**EXTRACTED INFORMATION**:

lemma lyap_steps_enter:
  fixes xs :: "int \<Rightarrow> R2" and N :: int
  assumes r: "r > 0" and steps: "\<And>i. lyap_step r (xs i) (xs (i + 1))"
  shows "\<exists>n\<ge>N. lyap (xs n) < r"
proof (rule ccontr)
  assume "\<not> ?thesis"
  then have far: "r \<le> lyap (xs (N + int k))" for k by (simp add: not_less)
  define M where "M = lyap (xs N)"
  define S where "S = {x. r / 2 \<le> lyap x} \<inter> {x. lyap x \<le> M}"
  have "compact S"
    unfolding S_def
    by (intro closed_Int_compact closed_Collect_le compact_lyap_sublevel continuous_lyap continuous_on_const)
  moreover have "lyap_drop x > 0" if "x \<in> S" for x
    using that r unfolding S_def by (intro lyap_drop_pos) auto
  ultimately obtain \<gamma> where \<gamma>: "\<gamma> > 0" "\<forall>x\<in>S. \<gamma> \<le> lyap_drop x"
    using compact_positive_lower_bound continuous_on_subset[OF continuous_lyap_drop subset_UNIV] by blast
  have descent: "lyap (xs (N + int k)) \<le> M - real k * \<gamma> / 2" for k
  proof (induction k)
    case (Suc k)
    define i where "i = N + int k"
    have "r \<le> lyap (xs (i + 1))" using far[of "Suc k"] unfolding i_def by (simp add: ac_simps)
    then have "\<not> lyap (xs (i + 1)) < 3 * r / 4" using r by simp
    then have "lyap (xs (i + 1)) \<le> lyap (xs i) - lyap_drop (xs i) / 2"
      using steps[of i] unfolding lyap_step_def by blast
    moreover have "0 \<le> real k * \<gamma> / 2" using \<gamma>(1) by simp
    then have "xs i \<in> S" using far[of k] r Suc unfolding i_def S_def by simp
    then have "\<gamma> \<le> lyap_drop (xs i)" using \<gamma>(2) by blast
    moreover have "real (Suc k) * \<gamma> / 2 = real k * \<gamma> / 2 + \<gamma> / 2" by (simp add: algebra_simps)
    ultimately have "lyap (xs (i + 1)) \<le> M - real (Suc k) * \<gamma> / 2"
      using Suc unfolding i_def by linarith
    then show ?case unfolding i_def by (simp add: ac_simps)
  qed (simp add: M_def)
  define k where "k = nat \<lceil>2 * M / \<gamma>\<rceil> + 1"
  have "2 * M / \<gamma> < real k" unfolding k_def by linarith
  then have "M - real k * \<gamma> / 2 < 0" using \<gamma>(1) by (simp add: divide_less_eq mult.commute)
  then show False using descent[of k] far[of k] r by linarith
qed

**YOUR TASK**: Taking the lines above, repeat exactly those from the line that contains "1)) \<le> lyap" through the line that contains "then show ?case", and both of those lines as well. Include nothing else.

**THE COMPLETED TASK**:
    then have "lyap (xs (i + 1)) \<le> lyap (xs i) - lyap_drop (xs i) / 2"
      using steps[of i] unfolding lyap_step_def by blast
    moreover have "0 \<le> real k * \<gamma> / 2" using \<gamma>(1) by simp
    then have "xs i \<in> S" using far[of k] r Suc unfolding i_def S_def by simp
    then have "\<gamma> \<le> lyap_drop (xs i)" using \<gamma>(2) by blast
    moreover have "real (Suc k) * \<gamma> / 2 = real k * \<gamma> / 2 + \<gamma> / 2" by (simp add: algebra_simps)
    ultimately have "lyap (xs (i + 1)) \<le> M - real (Suc k) * \<gamma> / 2"
      using Suc unfolding i_def by linarith
    then show ?case unfolding i_def by (simp add: ac_simps)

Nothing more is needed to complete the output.